Aniyah’s Well
One November day when Aniyah was in preschool and had just turned three years old, her teacher passed around leaves. “What are you thankful for?” asked the teacher, ready to inscribe Aniyah’s answer on the leaf. “Good water,” said Aniyah. Surprised by the answer, her teacher asked Aniyah to explain. “I’m thankful for good, clean water,” said Aniyah. “Did you know that there are kids who don’t have clean water? That’s not okay!”
Several months earlier, Aniyah had heard a story about people around the world suffering for lack of clean water. Clearly, the story had made an impression.
When Aniyah first heard that some kids don’t have good drinking water, this was hard for her to imagine, but it was not hard for her to imagine a way to help. Over the course of the next month Aniyah just kept having question after question about clean water. There were nights that we YouTube how wells are built and she would watch a ten minute video of a stimulated graphic of how machinery drills holes and makes wells. She was amazed at where the water came from, down layers upon layers of earth, where the rock sediments lay. Then a few evenings later she would want to figure out how people cranked out clean water, and other new technologies that help give better water.
Here is a video that we both put on repeat on a few occasions.
This video gave ample conversations on how one injustice effects everyone.

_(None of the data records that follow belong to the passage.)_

lemma aprod_normal_pair_bv:
  "aprod p (filter (\<lambda>j. j < 0) [a, -a] @ filter (\<lambda>j. 0 \<le> j) [a, -a]) (bv c M)
    = scale (pair_eigenvalue p c M (nat \<bar>a\<bar>)) (bv c M)"
proof -
  consider "a = 0" | "a > 0" | "a < 0"
    by linarith
  then show ?thesis
  proof cases
    case 1
    then show ?thesis
      by (simp add: aprod_def amode_zero_bv amode_scale scale_scale pair_eigenvalue_def power2_eq_square)
  next
    case 2
    define n where "n = nat a - 1"
    have "a = int n + 1" "nat \<bar>a\<bar> = Suc n"
      using 2 by (simp_all add: n_def)
    then show ?thesis
      using 2 amode_create_annihilate_bv[of p n c M] by (simp add: aprod_def pair_eigenvalue_def)
  next
    case 3
    define n where "n = nat (- a) - 1"
    have "a = - int n - 1" "nat \<bar>a\<bar> = Suc n"
      using 3 by (simp_all add: n_def)
    then show ?thesis
      using 3 amode_create_annihilate_bv[of p n c M, unfolded add.commute[of "int n" 1]]
      by (simp add: aprod_def pair_eigenvalue_def)
  qed
qed

lemma zero_sum_pairs:
  "{js. length js = 2 \<and> set js \<subseteq> {-B..B} \<and> sum_list js = (0::int)} = (\<lambda>a. [a, -a]) ` {-B..B}"
proof (intro set_eqI iffI)
  fix js assume "js \<in> {js. length js = 2 \<and> set js \<subseteq> {-B..B} \<and> sum_list js = (0::int)}"
  then obtain x y where "js = [x, y]" "x + y = 0" "x \<in> {-B..B}"
    by (auto simp: numeral_2_eq_2 length_Suc_conv)
  then show "js \<in> (\<lambda>a. [a, -a]) ` {-B..B}"
    by (auto simp: eq_neg_iff_add_eq_0)
qed auto

lemma sum_symmetric_interval:
  "(\<Sum>a\<in>{-int B..int B}. f (nat \<bar>a\<bar>)) = f 0 + 2 * (\<Sum>n<B. f (Suc n) :: 'a::comm_ring_1)"
proof (induction B)
  case 0
  then show ?case by simp
next
  case (Suc B)
  have "{-int (Suc B)..int (Suc B)} = insert (int (Suc B)) (insert (- int (Suc B)) {-int B..int B})"
    by auto
  then have "(\<Sum>a\<in>{-int (Suc B)..int (Suc B)}. f (nat \<bar>a\<bar>))
      = f (Suc B) + (f (Suc B) + (\<Sum>a\<in>{-int B..int B}. f (nat \<bar>a\<bar>)))"
    by (simp add: nat_add_distrib)
  with Suc show ?case
    by (simp add: algebra_simps)
qed

lemma fmode_b_alpha1_square:
  "fmode_b p {#0, 0#} 1 c M
    = scale ((of_nat (2*p) * of_rat c) ^ 2 + 4 * of_nat p * of_nat (deg M)) (bv c M)"
proof -
  define B where "B = int (deg M)"
  have "fmode_b p {#0, 0#} 1 c M
      = vsum (\<lambda>js. scale (\<Prod>t<2. (of_int (- (js ! t) - 1) :: complex) gchoose ([0, 0] ! t))
          (aprod p (filter (\<lambda>j. j < 0) js @ filter (\<lambda>j. 0 \<le> j) js) (bv c M)))
        ((\<lambda>a. [a, -a]) ` {-B..B})"
    by (subst zero_sum_pairs[symmetric], rule fmode_b_unfold) (simp_all add: B_def)
  also have "\<dots> = vsum (\<lambda>a. scale (pair_eigenvalue p c M (nat \<bar>a\<bar>)) (bv c M)) {-B..B}"
  proof -
    have "(\<Prod>t<2. (of_int (- ([a, -a] ! t) - 1) :: complex) gchoose ([0, 0] ! t)) = 1" for a
      by (simp add: numeral_2_eq_2 lessThan_Suc)
    then have "scale (\<Prod>t<2. (of_int (- ([a, -a] ! t) - 1) :: complex) gchoose ([0, 0] ! t))
        (aprod p (filter (\<lambda>j. j < 0) [a, -a] @ filter (\<lambda>j. 0 \<le> j) [a, -a]) (bv c M))
        = scale (pair_eigenvalue p c M (nat \<bar>a\<bar>)) (bv c M)" for a
      by (simp only: aprod_normal_pair_bv scale_scale mult_1)
    moreover have "inj_on (\<lambda>a::int. [a, -a]) {-B..B}"
      by (auto simp: inj_on_def)
    ultimately show ?thesis
      by (simp only: vsum_def sum.reindex comp_def)
  qed
  also have "\<dots> = scale (\<Sum>a\<in>{-B..B}. pair_eigenvalue p c M (nat \<bar>a\<bar>)) (bv c M)"
    by (rule vsum_scale_eq) (rule refl)
  also have "(\<Sum>a\<in>{-B..B}. pair_eigenvalue p c M (nat \<bar>a\<bar>))
      = (of_nat (2*p) * of_rat c) ^ 2 + 4 * of_nat p * of_nat (deg M)"
  proof -
    have "(\<Sum>n<deg M. pair_eigenvalue p c M (Suc n))
        = of_nat (2*p) * of_nat (\<Sum>n<deg M. count M n * (n + 1))"
      by (simp add: pair_eigenvalue_def sum_distrib_left algebra_simps)
    also have "\<dots> = of_nat (2*p) * of_nat (deg M)"
      by (simp only: deg_eq_sum_count_lessThan[symmetric])
    finally show ?thesis
      unfolding B_def sum_symmetric_interval by (simp add: pair_eigenvalue_def)
  qed
  finally show ?thesis .
qed
(* Let $M$ be a graded generalized Eulerian $A_n(K)$-module. Then for every $i\ge0$ the Koszul homology $H_i(X_1,\dots,X_n;M)$ is concentrated in degree $0$.
   Context: $K$ is a field of characteristic zero, $R=K[X_1,\dots,X_n]$ standard graded, $A_n(K)$ the Weyl algebra graded by $\deg X_i=1$, $\deg\partial_i=-1$; $\mathcal E_n=\sum_iX_i\partial_i$; $|z|$ is the degree of homogeneous $z$. A graded left $A_n(K)$-module $M$ is generalized Eulerian if for every homogeneous $z\in M$ there is $a\ge1$ with $(\mathcal E_n-|z|)^az=0$. Koszul homology $H_i(X_1,\dots,X_n;M)$ is computed from the graded Koszul complex $K_p=\bigoplus_{i_1<\dots<i_p}M(-p)$ with degree-$0$ differentials, so $H_0=M/(X_1,\dots,X_n)M$; here $M(l)_j=M_{j+l}$. *)

theory Defs
  imports Complex_Main
begin

text \<open>A graded left module over the Weyl algebra A_n(K), K a field of characteristic 0.
  The module is the abelian group 'm with K-scalar multiplication scale; the graded pieces are
  Mg j (j an integer); the generators X_i and d_i (i < n) act by the maps X i and D i.\<close>

definition weyl_graded_module ::
  "('k::field_char_0 \<Rightarrow> 'm::ab_group_add \<Rightarrow> 'm) \<Rightarrow> nat \<Rightarrow> (int \<Rightarrow> 'm set)
    \<Rightarrow> (nat \<Rightarrow> 'm \<Rightarrow> 'm) \<Rightarrow> (nat \<Rightarrow> 'm \<Rightarrow> 'm) \<Rightarrow> bool" where
  "weyl_graded_module scale n Mg X D \<longleftrightarrow>
     vector_space scale \<and>
     (\<forall>j. module.subspace scale (Mg j)) \<and>
     (\<forall>z. \<exists>!f. finite {j. f j \<noteq> 0} \<and> (\<forall>j. f j \<in> Mg j) \<and> z = sum f {j. f j \<noteq> 0}) \<and>
     (\<forall>i<n. Vector_Spaces.linear scale scale (X i) \<and> Vector_Spaces.linear scale scale (D i)) \<and>
     (\<forall>i<n. \<forall>j. \<forall>z\<in>Mg j. X i z \<in> Mg (j + 1) \<and> D i z \<in> Mg (j - 1)) \<and>
     (\<forall>i<n. \<forall>k<n. \<forall>z. X i (X k z) = X k (X i z) \<and> D i (D k z) = D k (D i z) \<and>
        D i (X k z) - X k (D i z) = (if i = k then z else 0))"
lemma Delta_nonzero:
  assumes "q_generic z q" and "q_generic w q" and "q_generic (z*w) q"
  shows "Delta y1 y2 y3 z w q \<noteq> 0"
  unfolding Delta_def
  using q_generic_factor_nonzero[OF assms(1), of "y1-y2"] q_generic_factor_nonzero[OF assms(2), of "y2-y3"]
    q_generic_factor_nonzero[OF assms(3), of "y1-y3"] q_generic_nonzero(1)[OF assms(1)]
    q_generic_nonzero(1)[OF assms(2)] q_generic_nonzero(1)[OF assms(3)]
  by simp

lemma PhiCDy_eq_shifted_PhiCD:
  assumes q: "q \<noteq> 0" and gzw: "q_generic (z*w) q"
  shows "PhiCDy u v c d n m y1 y2 y3 z w q =
    PhiCD u v c d (n-y1) (m-y1-y2) (z * q powi (y1-y2)) (w * q powi (y2-y3)) q
      * (1 - z*w * q powi (y1-y3-1)) /
    (qpoch z q (y1-y2) * qpoch w q (y2-y3) * qpoch (z*w) q (y1-y3) * (1 - z*w/q))"
  unfolding PhiCDy_def qpoch_div_q_same_length[OF gzw q]
  by (simp add: mult_ac)

lemma PhiCDy_1_1_eq_PhiUV_combination:
  assumes q: "q \<noteq> 0" and nr: "not_root_of_unity q"
    and gz: "q_generic z q" and gw: "q_generic w q" and gzw: "q_generic (z*w) q"
    and "z \<noteq> 0" and "w \<noteq> 0"
    and Z_def: "Z = z * q powi (y1-y2)" and W_def: "W = w * q powi (y2-y3)"
  shows "PhiCDy u v 1 1 n m y1 y2 y3 z w q
           * (qpoch z q (y1-y2) * qpoch w q (y2-y3) * qpoch (z*w) q (y1-y3) * (1 - z*w/q))
         = PhiUV u v (n-y1) (m-y1-y2) Z W q
           - Z*W*q powi (m-y1-y2-1) * PhiUV (u/Z) (v/W) (n-y1) (m-y1-y2) Z W q"
proof -
  have ZW: "Z * W = z * w * q powi (y1-y3)"
    unfolding Z_def W_def using q by (simp add: power_int_add[symmetric] mult_ac)
  have gZ: "q_generic Z q" and gW: "q_generic W q" and gZW: "q_generic (Z*W) q"
    unfolding ZW unfolding Z_def W_def using q_generic_mult_powi[OF _ q] gz gw gzw by blast+
  have "Z \<noteq> 0" "W \<noteq> 0" using \<open>z \<noteq> 0\<close> \<open>w \<noteq> 0\<close> q by (simp_all add: Z_def W_def)
  note core = PhiCD_1_1_eq_PhiUV_combination[OF q nr gZ gW gZW this, of u v "n-y1" "m-y1-y2"]
  have "z * w * q powi (y1-y3-1) = Z*W/q" using q by (simp add: ZW power_int_diff)
  then show ?thesis
    unfolding PhiCDy_eq_shifted_PhiCD[OF q gzw] Z_def[symmetric] W_def[symmetric] core[symmetric]
    using qpoch_nonzero[OF gz q] qpoch_nonzero[OF gw q] qpoch_nonzero[OF gzw q] q_generic_nonzero(3)[OF gzw]
    by simp
qed

theorem corollary4p10:
  fixes n m y1 y2 y3 :: int and u v z w q :: complex
  assumes hy: "y1 + y2 + y3 = 0"
    and hq0: "q \<noteq> 0"
    and hq: "\<And>k::int. k \<noteq> 0 \<Longrightarrow> q powi k \<noteq> 1"
    and hz0: "z \<noteq> 0" and hw0: "w \<noteq> 0"
    and hz: "\<And>k::int. z * q powi k \<noteq> 1"
    and hw: "\<And>k::int. w * q powi k \<noteq> 1"
    and hzw: "\<And>k::int. z * w * q powi k \<noteq> 1"
  shows "PhiCDy u v 1 1 n m y1 y2 y3 z w q =
           Delta y1 y2 y3 z w q *
           (PhiUVy u v n m y1 y2 y3 z w q
            - z * w * q powi (m + y1 - 1) *
              PhiUVy (u * q powi (-(y1-y2)) / z) (v * q powi (-(y2-y3)) / w) n m y1 y2 y3 z w q)
           / (1 - z * w / q)"
proof -
  have gz: "q_generic z q" and gw: "q_generic w q" and gzw: "q_generic (z*w) q"
    using hz hw hzw unfolding q_generic_def by blast+
  have nr: "not_root_of_unity q" using hq unfolding not_root_of_unity_def by blast
  define Z W where "Z = z * q powi (y1-y2)" and "W = w * q powi (y2-y3)"
  define D where "D = qpoch z q (y1-y2) * qpoch w q (y2-y3) * qpoch (z*w) q (y1-y3)"
  have "m + y1 - 1 = (y1-y2) + (y2-y3) + (m-y1-y2-1)" using hy by simp
  then have "q powi (m + y1 - 1) = q powi (y1-y2) * q powi (y2-y3) * q powi (m-y1-y2-1)"
    using hq0 by (metis power_int_add)
  then have args: "z * w * q powi (m + y1 - 1) = Z*W * q powi (m-y1-y2-1)"
    "u * q powi (-(y1-y2)) / z = u/Z" "v * q powi (-(y2-y3)) / w = v/W"
    unfolding Z_def W_def power_int_minus by (simp_all add: divide_inverse mult_ac)
  have nz: "D \<noteq> 0" "Delta y1 y2 y3 z w q \<noteq> 0" "1 - z*w/q \<noteq> 0"
    using qpoch_nonzero[OF gz hq0] qpoch_nonzero[OF gw hq0] qpoch_nonzero[OF gzw hq0]
      Delta_nonzero[OF gz gw gzw] q_generic_nonzero(3)[OF gzw]
    by (simp_all add: D_def)
  have "PhiCDy u v 1 1 n m y1 y2 y3 z w q
      = (PhiUV u v (n-y1) (m-y1-y2) Z W q
         - Z*W*q powi (m-y1-y2-1) * PhiUV (u/Z) (v/W) (n-y1) (m-y1-y2) Z W q) / (D * (1 - z*w/q))"
    using PhiCDy_1_1_eq_PhiUV_combination[OF hq0 nr gz gw gzw hz0 hw0 Z_def W_def, of u v n m] nz
    unfolding D_def by (simp add: eq_divide_eq)
  also have "\<dots> = Delta y1 y2 y3 z w q *
           (PhiUVy u v n m y1 y2 y3 z w q
            - z * w * q powi (m + y1 - 1) *
              PhiUVy (u * q powi (-(y1-y2)) / z) (v * q powi (-(y2-y3)) / w) n m y1 y2 y3 z w q)
           / (1 - z * w / q)"
    unfolding PhiUVy_eq_shifted_PhiUV[OF hq0 gz gw gzw] args D_def[symmetric] Z_def[symmetric] W_def[symmetric]
    using nz hq0 by (simp add: field_simps)
  finally show ?thesis .
qed

end
lemma mem_unit_ball_Xspace:
  fixes f :: "'a \<Rightarrow> real" and K :: "'b set"
  assumes "infinite K" "K \<lesssim> (UNIV :: 'a set)"
  shows "f \<in> unit_ball (Xspace K) \<longleftrightarrow>
    (\<forall>x. \<bar>f x\<bar> \<le> 1) \<and> (\<exists>A c. A \<lesssim> K \<and> (\<forall>x. x \<notin> A \<longrightarrow> f x = c))"
proof
  assume "f \<in> unit_ball (Xspace K)"
  then have "f \<in> linfty" "supnorm f \<le> 1" and "\<exists>A c. A \<approx> K \<and> (\<forall>x. x \<notin> A \<longrightarrow> f x = c)"
    unfolding unit_ball_def Xspace_def by auto
  moreover have "\<bar>f x\<bar> \<le> 1" for x
    using abs_le_supnorm[OF \<open>f \<in> linfty\<close>] \<open>supnorm f \<le> 1\<close> by (rule order_trans)
  ultimately show "(\<forall>x. \<bar>f x\<bar> \<le> 1) \<and> (\<exists>A c. A \<lesssim> K \<and> (\<forall>x. x \<notin> A \<longrightarrow> f x = c))"
    by (blast dest: eqpoll_imp_lepoll)
next
  assume "(\<forall>x. \<bar>f x\<bar> \<le> 1) \<and> (\<exists>A c. A \<lesssim> K \<and> (\<forall>x. x \<notin> A \<longrightarrow> f x = c))"
  then obtain A c where bound: "\<And>x. \<bar>f x\<bar> \<le> 1" and "A \<lesssim> K" and const: "\<And>x. x \<notin> A \<Longrightarrow> f x = c"
    by blast
  obtain A' where "A \<subseteq> A'" "A' \<approx> K"
    using lepoll_imp_superset_eqpoll[OF assms \<open>A \<lesssim> K\<close>] .
  moreover have "\<forall>x \<in> - A'. f x = c"
    using const \<open>A \<subseteq> A'\<close> by blast
  moreover have "f \<in> linfty"
    using bound unfolding linfty_def bounded_iff by auto
  ultimately have "f \<in> Xspace K"
    unfolding Xspace_def by blast
  moreover have "supnorm f \<le> 1"
    using bound by (rule supnorm_le)
  ultimately show "f \<in> unit_ball (Xspace K)"
    unfolding unit_ball_def by blast
qed

lemma nonexpansive_onI:
  assumes "S \<subseteq> linfty"
    and "\<And>f g d y. f \<in> S \<Longrightarrow> g \<in> S \<Longrightarrow> (\<And>x. \<bar>f x - g x\<bar> \<le> d) \<Longrightarrow> \<bar>T f y - T g y\<bar> \<le> d"
  shows "nonexpansive_on S T"
  unfolding nonexpansive_on_def
proof (intro ballI)
  fix f g assume "f \<in> S" "g \<in> S"
  then have "\<bar>f x - g x\<bar> \<le> supnorm (f - g)" for x
    using abs_le_supnorm[OF linfty_diff] assms(1) by fastforce
  then show "supnorm (T f - T g) \<le> supnorm (f - g)"
    using assms(2)[OF \<open>f \<in> S\<close> \<open>g \<in> S\<close>] by (intro supnorm_le) simp
qed

lemma cSUP_le_cSUP_add:
  fixes u v :: "'i \<Rightarrow> real"
  assumes "I \<noteq> {}" "bdd_above (v ` I)" "\<And>i. i \<in> I \<Longrightarrow> u i \<le> v i + d"
  shows "(SUP i\<in>I. u i) \<le> (SUP i\<in>I. v i) + d"
proof (rule cSUP_least[OF assms(1)])
  fix i assume "i \<in> I"
  then have "v i \<le> (SUP i\<in>I. v i)"
    using assms(2) by (rule cSUP_upper)
  then show "u i \<le> (SUP i\<in>I. v i) + d"
    using assms(3)[OF \<open>i \<in> I\<close>] by simp
qed

lemma abs_cSUP_diff_le:
  fixes u v :: "'i \<Rightarrow> real"
  assumes "I \<noteq> {}" "bdd_above (u ` I)" "bdd_above (v ` I)" "\<And>i. i \<in> I \<Longrightarrow> \<bar>u i - v i\<bar> \<le> d"
  shows "\<bar>(SUP i\<in>I. u i) - (SUP i\<in>I. v i)\<bar> \<le> d"
proof -
  have u_le: "u i \<le> v i + d" and v_le: "v i \<le> u i + d" if "i \<in> I" for i
    using assms(4)[OF that] by (simp_all add: abs_le_iff)
  have "(SUP i\<in>I. u i) \<le> (SUP i\<in>I. v i) + d"
    using assms(1,3) u_le by (rule cSUP_le_cSUP_add)
  moreover have "(SUP i\<in>I. v i) \<le> (SUP i\<in>I. u i) + d"
    using assms(1,2) v_le by (rule cSUP_le_cSUP_add)
  ultimately show ?thesis
    by (simp add: abs_le_iff)
qed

Clean water will give jobs and sustainability to those without. Clean water means women will spend less hours gathering unclean water and more time working and providing for their families. It means children will get sick less often, be in school more often and their families spend less in medical treatments. It means girls lives become safer from predators during evening and night gatherings of water.
It means one of our very basic needs will be possible for others.
I also showed her how other people have raised money to put towards these wells. She then for weeks begged me for quarters and dimes and nickels and saved up all of her coins in her big purple Crayola Crayon piggy bank. It even got to the point that I would hide extra coins in the couch cushions and I would drop them outside of the staircase at our house and every single time she picked her piggy bank up it wasn’t can I go buy a treat, it was like, ‘look mom, more money to put towards the well.’
One night just laying in bed, she asked how she could get more money and asked how my husband and I make money. So I explained to her how adults work and we have jobs that create an income. She kept asking how could she work to make money. Well, I told her three year olds don’t work- and she cried. She sobbed for so long, it broke my heart.
That’s I knew that we needed to create an avenue for her to respond to this tug in her heart.
My hope as a mother is that I can always facilitate a means for her hearts desires. I want her to learn to respond. To respond to this need and this desire that she has in her heart. So often the strings of our hearts are tugged at, yet we’ve learned to just walk away from it. If we could just take a moment and sit down and really allow those strings to be tugged at, wrestled with and felt. I believe that’s when we could see there is a way for us to participate in a bigger story.
And so one night when we were painting it dawned on me she could sell these paintings. After asking her if she wanted to sell the paintings we decided to start investing in really good supplies and make this well, a reality.
She decided to make paintings and sell them to raise money. We told her about Charity: Water, an organization that funds clean water projects, and explained to her how a well can be drilled to provide clean water for many people. For nearly a year, Aniyah has been busy painting, and, with the sale of her paintings, her hope is to fund a well.
I believe that when you give a child the right resources, there’s no measure to what they can create and do. What they can create is amazing and it’s beautiful. And so we painted. What started as a fun project, she ended so committed and engaged with the process. Now, I know she’s three, but she could sit for four hours painting away.
She would come home from preschool and immediately want to get to work.
So after eight months of painting we accumulated about 180 paintings and we decided for the month of September for her fourth birthday we would launch this campaign to raise $4000 for her fourth birthday and we are halfway there.
If you would like to help Aniyah build a well—and if you would like to take one of her paintings home with you—go to:
Donate.charitywater.org/aniyah/art
After making a donation to Aniyah’s campaign, stop by Scout & Co. on North Ave in Burlington or Doughnut Dilemma on Main Street in Burlington and show your barista your receipt. Choose which painting you would like and take it home with you that day. On September 13th, Aniyah turned four years old, and she couldn’t think of a better way for you to say, “Happy Birthday.”
When you donate to Charity: Water, you can rest assured that 100% of your gift will directly support the building of a water project—on the ground. None of it will go toward administrative costs, which are covered by separate private fundraising efforts.